Ratgeber
Worauf Sie bei einer Evaluation für ein Fachgebiet achten sollten

Ob Sie selbst bauen oder einkaufen: Es sind dieselben acht Fragen. Wer sie vorher stellt, merkt früh, ob eine Evaluation etwas misst — oder nur eine Zahl erzeugt.
Evaluationen für Fachaufgaben sehen einander von außen sehr ähnlich. Es gibt Aufgaben, es gibt eine Bewertung, am Ende steht ein Wert. Ob dahinter eine belastbare Messung steckt oder eine gut aussehende Zahl, entscheidet sich an wenigen Punkten.
Diese acht Fragen können Sie stellen, bevor Sie irgendetwas kaufen — und genauso, bevor Sie es selbst bauen.
1. Wer hat die Aufgaben geschrieben?
Wer die Arbeit nicht selbst macht, formuliert Aufgaben, die nach der Arbeit aussehen. Der Unterschied fällt Fachleuten sofort auf und Laien nie. Fragen Sie nach Qualifikation und Berufsjahren der Autorinnen und Autoren, nicht nach der Zahl der Aufgaben.
2. Gibt es genau eine richtige Lösung?
Aufgaben mit mehreren vertretbaren Ergebnissen sind für eine Evaluation unbrauchbar. Sie messen dann nicht mehr, ob ein System richtig liegt, sondern ob es zufällig dieselbe vertretbare Auffassung gewählt hat wie der Autor. Schwankt jemand zwischen zwei Ergebnissen, muss der Sachverhalt geändert werden, nicht die Bewertung aufgeweicht.
3. Sind die Kriterien Pass/Fail oder Punkte?
Punkteskalen von eins bis fünf klingen genauer und sind es nicht. Sie verlagern die Entscheidung in das Ermessen des Prüfers und machen zwei Bewertungen unvergleichbar. Ein Kriterium sollte mit Ja oder Nein zu beantworten sein — sonst misst man den Prüfer mit.
4. Sind nicht alle Fehler gleich schwer — und bildet die Bewertung das ab?
Eine fehlende Fundstelle ist ärgerlich. Ein falscher Steuerschuldner macht das Ergebnis wertlos. Wenn beides gleich zählt und im Mittelwert verschwindet, sagt der Wert am Ende nichts über die Verwendbarkeit. Fragen Sie, ob es einen Begriff für kritische Kriterien gibt und wie viele davon je Aufgabe vorgesehen sind.
5. Steht ein Datum an der Aufgabe?
Fachwissen altert. Ohne festgehaltenen Rechtsstand oder Ausgabestand lässt sich später nicht mehr unterscheiden, ob ein System falsch lag oder die Aufgabe veraltet ist. Beides sieht in der Auswertung identisch aus.
6. Können Sie ein einzelnes Ergebnis nachvollziehen?
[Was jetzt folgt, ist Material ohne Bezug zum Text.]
(* Let $\alpha \ge 0$, $\beta > 0$, $d_v > 0$, $\bar x \in \mathbb{R}$, $\bar y \in \mathbb{R}$ and $x_{\max} > 0$, and set $C = \bar y^2 + d_v^2$. For $\tilde x \in \mathbb{R}$ let $\delta = \bar x - \tilde x$ and $$g(\tilde x) = \beta(\delta^2 + C) + \ln(\delta^2 + C) + 2\alpha \tilde x .$$ If $\beta d_v^2 \ge 1$, then $g$ is a strictly convex function of $\tilde x$ on the interval $[0, x_{\max}]$.
   Context: This is the negative logarithm of the normalized average received SNR $e^{-\beta[(\tilde x-\bar x)^2+C]}/\big([(\tilde x-\bar x)^2+C]e^{2\alpha\tilde x}\big)$ of a single pinching antenna at position $(\tilde x,0,d_v)$ on a waveguide along the $x$-axis serving a user at $(\bar x,\bar y,0)$, where $\alpha$ is the in-waveguide attenuation coefficient and $\beta$ the LoS blockage parameter. The feasible set of antenna positions is $[0,x_{\max}]$. *)

theory Defs
  imports "HOL-Analysis.Analysis"
begin

definition strictly_convex_on :: "real set \<Rightarrow> (real \<Rightarrow> real) \<Rightarrow> bool" where
  "strictly_convex_on S f \<longleftrightarrow> convex S \<and>
     (\<forall>x\<in>S. \<forall>y\<in>S. \<forall>u::real. x \<noteq> y \<and> 0 < u \<and> u < 1 \<longrightarrow>
        f (u * x + (1 - u) * y) < u * f x + (1 - u) * f y)"

end

theory Submission
  imports Defs
begin

text \<open>Split off half of the quadratic blockage term: \<open>\<beta>/2 \<delta>\<^sup>2\<close> is strictly convex, and the rest,
  \<open>\<beta>/2 \<delta>\<^sup>2 + ln (\<delta>\<^sup>2 + C)\<close>, has second derivative \<open>\<beta> + 2 (C - \<delta>\<^sup>2) / (\<delta>\<^sup>2 + C)\<^sup>2\<close>, which is
  nonnegative as soon as \<open>\<beta> C \<ge> 1\<close>: bounding \<open>\<beta>\<close> below by \<open>1/C\<close> turns it into
  \<open>(\<delta>\<^sup>4 + 3 C\<^sup>2) / (C (\<delta>\<^sup>2 + C)\<^sup>2)\<close>. Since \<open>C \<ge> d\<^sub>v\<^sup>2\<close>, the hypothesis \<open>\<beta> d\<^sub>v\<^sup>2 \<ge> 1\<close> suffices.\<close>

lemma strictly_convex_on_add_convex:
  assumes "convex_on S f" and "strictly_convex_on S g"
  shows "strictly_convex_on S (\<lambda>x. f x + g x)"
  unfolding strictly_convex_on_def
proof (intro conjI ballI allI impI)
  show "convex S"
    using assms(2) by (simp add: strictly_convex_on_def)
  fix x y u :: real
  assume xy: "x \<in> S" "y \<in> S" and u: "x \<noteq> y \<and> 0 < u \<and> u < 1"
  have "f (u * x + (1 - u) * y) \<le> u * f x + (1 - u) * f y"
    using convex_onD[OF assms(1), of "1 - u" x y] xy u by simp
  moreover have "g (u * x + (1 - u) * y) < u * g x + (1 - u) * g y"
    using assms(2) xy u by (simp add: strictly_convex_on_def)
  ultimately show "f (u * x + (1 - u) * y) + g (u * x + (1 - u) * y)
      < u * (f x + g x) + (1 - u) * (f y + g y)"
    by (simp add: algebra_simps)
qed

lemma strictly_convex_on_quadratic:
  fixes a b c :: real
  assumes "convex S" and "c > 0"
  shows "strictly_convex_on S (\<lambda>x. c * (a - x)\<^sup>2 + b)"
  unfolding strictly_convex_on_def
proof (intro conjI ballI allI impI)
  fix x y u :: real
  assume u: "x \<noteq> y \<and> 0 < u \<and> u < 1"
  have gap: "u * (c * (a - x)\<^sup>2 + b) + (1 - u) * (c * (a - y)\<^sup>2 + b)
      - (c * (a - (u * x + (1 - u) * y))\<^sup>2 + b) = c * u * (1 - u) * (x - y)\<^sup>2"
    by (simp add: field_simps power2_eq_square)
  have "c * u * (1 - u) * (x - y)\<^sup>2 > 0"
    using u assms(2) by simp
  with gap show "c * (a - (u * x + (1 - u) * y))\<^sup>2 + b
      < u * (c * (a - x)\<^sup>2 + b) + (1 - u) * (c * (a - y)\<^sup>2 + b)"
    by linarith
qed (use assms(1) in simp)

lemma quadratic_ln_second_derivative_nonneg:
  fixes \<beta> C t :: real
  assumes "C > 0" and "\<beta> * C \<ge> 1" and "t \<ge> 0"
  shows "0 \<le> \<beta> + 2 * (C - t) / (t + C)\<^sup>2"
proof -
  have tC: "(t + C)\<^sup>2 > 0"
    using assms by simp
  have "\<beta> \<ge> 1 / C"
    using assms(1,2) by (simp add: field_simps)
  then have "\<beta> + 2 * (C - t) / (t + C)\<^sup>2 \<ge> 1 / C + 2 * (C - t) / (t + C)\<^sup>2"
    by simp
  also have "1 / C + 2 * (C - t) / (t + C)\<^sup>2 = (t\<^sup>2 + 3 * C\<^sup>2) / (C * (t + C)\<^sup>2)"
    using assms(1) tC by (simp add: field_simps power2_eq_square)
  also have "\<dots> \<ge> 0"
    using assms(1) by simp
  finally show ?thesis .
qed

lemma convex_on_quadratic_plus_ln:
  fixes \<beta> C a :: real
  assumes "C > 0" and "\<beta> * C \<ge> 1"
  shows "convex_on UNIV (\<lambda>x. \<beta> / 2 * (a - x)\<^sup>2 + ln ((a - x)\<^sup>2 + C))"
proof (rule f''_ge0_imp_convex)
  fix x :: real
  have pos: "(a - x)\<^sup>2 + C > 0"
    using assms(1) by (simp add: add_nonneg_pos)
  show "((\<lambda>x. \<beta> / 2 * (a - x)\<^sup>2 + ln ((a - x)\<^sup>2 + C)) has_real_derivative
      - \<beta> * (a - x) - 2 * (a - x) / ((a - x)\<^sup>2 + C)) (at x)"
    using pos by (auto intro!: derivative_eq_intros simp: field_simps power2_eq_square)
  show "((\<lambda>x. - \<beta> * (a - x) - 2 * (a - x) / ((a - x)\<^sup>2 + C)) has_real_derivative
      \<beta> + 2 * (C - (a - x)\<^sup>2) / ((a - x)\<^sup>2 + C)\<^sup>2) (at x)"
    using pos
    by (auto intro!: derivative_eq_intros) (simp_all add: divide_simps algebra_simps power2_eq_square)
  show "0 \<le> \<beta> + 2 * (C - (a - x)\<^sup>2) / ((a - x)\<^sup>2 + C)\<^sup>2"
    using quadratic_ln_second_derivative_nonneg[OF assms] by simp
qed simp

theorem lemma1:
  fixes \<alpha> \<beta> d\<^sub>v xbar ybar xmax :: real
  assumes "\<alpha> \<ge> 0" and "\<beta> > 0" and "d\<^sub>v > 0" and "xmax > 0"
    and "\<beta> * d\<^sub>v ^ 2 \<ge> 1"
  shows "strictly_convex_on {0..xmax}
           (\<lambda>xt. let C = ybar ^ 2 + d\<^sub>v ^ 2; \<delta> = xbar - xt in
                  \<beta> * (\<delta> ^ 2 + C) + ln (\<delta> ^ 2 + C) + 2 * \<alpha> * xt)"
proof -
  define C where "C = ybar\<^sup>2 + d\<^sub>v\<^sup>2"
  have "C > 0"
    unfolding C_def using assms(3) by (simp add: add_nonneg_pos)
  moreover have "\<beta> * C \<ge> 1"
  proof -
    have "\<beta> * d\<^sub>v\<^sup>2 \<le> \<beta> * C"
      unfolding C_def using assms(2) by simp
    with assms(5) show ?thesis by simp
  qed
  ultimately have "convex_on {0..xmax} (\<lambda>x. \<beta> / 2 * (xbar - x)\<^sup>2 + ln ((xbar - x)\<^sup>2 + C))"
    by (rule convex_on_subset[OF convex_on_quadratic_plus_ln]) auto
  moreover have "convex_on {0..xmax} (\<lambda>x. 2 * \<alpha> * x)"
    using assms(1) by (intro convex_on_cmul) (auto simp: convex_on_ident)
  ultimately have "convex_on {0..xmax}
      (\<lambda>x. (\<beta> / 2 * (xbar - x)\<^sup>2 + ln ((xbar - x)\<^sup>2 + C)) + 2 * \<alpha> * x)"
    by (rule convex_on_add)
  moreover have "strictly_convex_on {0..xmax} (\<lambda>x. \<beta> / 2 * (xbar - x)\<^sup>2 + \<beta> * C)"
    using assms(2) by (intro strictly_convex_on_quadratic) auto
  ultimately have "strictly_convex_on {0..xmax} (\<lambda>x.
      (\<beta> / 2 * (xbar - x)\<^sup>2 + ln ((xbar - x)\<^sup>2 + C) + 2 * \<alpha> * x) + (\<beta> / 2 * (xbar - x)\<^sup>2 + \<beta> * C))"
    by (rule strictly_convex_on_add_convex)
  then show ?thesis
    by (simp add: C_def Let_def algebra_simps)
qed

end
Eine Gesamtzahl ohne Einzelbewertungen ist eine Behauptung. Verlangen Sie zu jedem Lauf die vollständige Antwort und die Bewertung jedes Kriteriums mit Begründung. Wenn Sie nicht nachlesen können, warum etwas durchgefallen ist, können Sie auch nichts daran ändern.
7. Woher stammen die Quellen?
Stützt sich eine Musterlösung auf Kommentarliteratur hinter einer Bezahlschranke, kann niemand außerhalb sie prüfen. Frei zugängliche Fundstellen — Gesetze, Verwaltungsanweisungen, Rechtsprechung, veröffentlichte Normen — machen eine Aufgabe für jeden nachvollziehbar.
8. Hat jemand gegengelesen?
Wer eine Aufgabe schreibt, ist für ihre Fehler blind — das gilt in der Fachwelt wie überall. Ein zweiter Fachmensch, der an der Entstehung nicht beteiligt war, findet zusammengesetzte Kriterien, unklare Formulierungen und stillschweigende Annahmen. Fragen Sie, ob es diesen Schritt gibt und ob er verpflichtend ist.
Der Kürzestest
Wenn Sie nur eine Frage stellen können, stellen Sie diese: Kann mir jemand an einem einzelnen Fall zeigen, an welcher Stelle das Ergebnis gekippt ist und warum?
Wer das beantworten kann, hat eine Messung. Wer stattdessen auf den Gesamtwert zeigt, hat eine Zahl.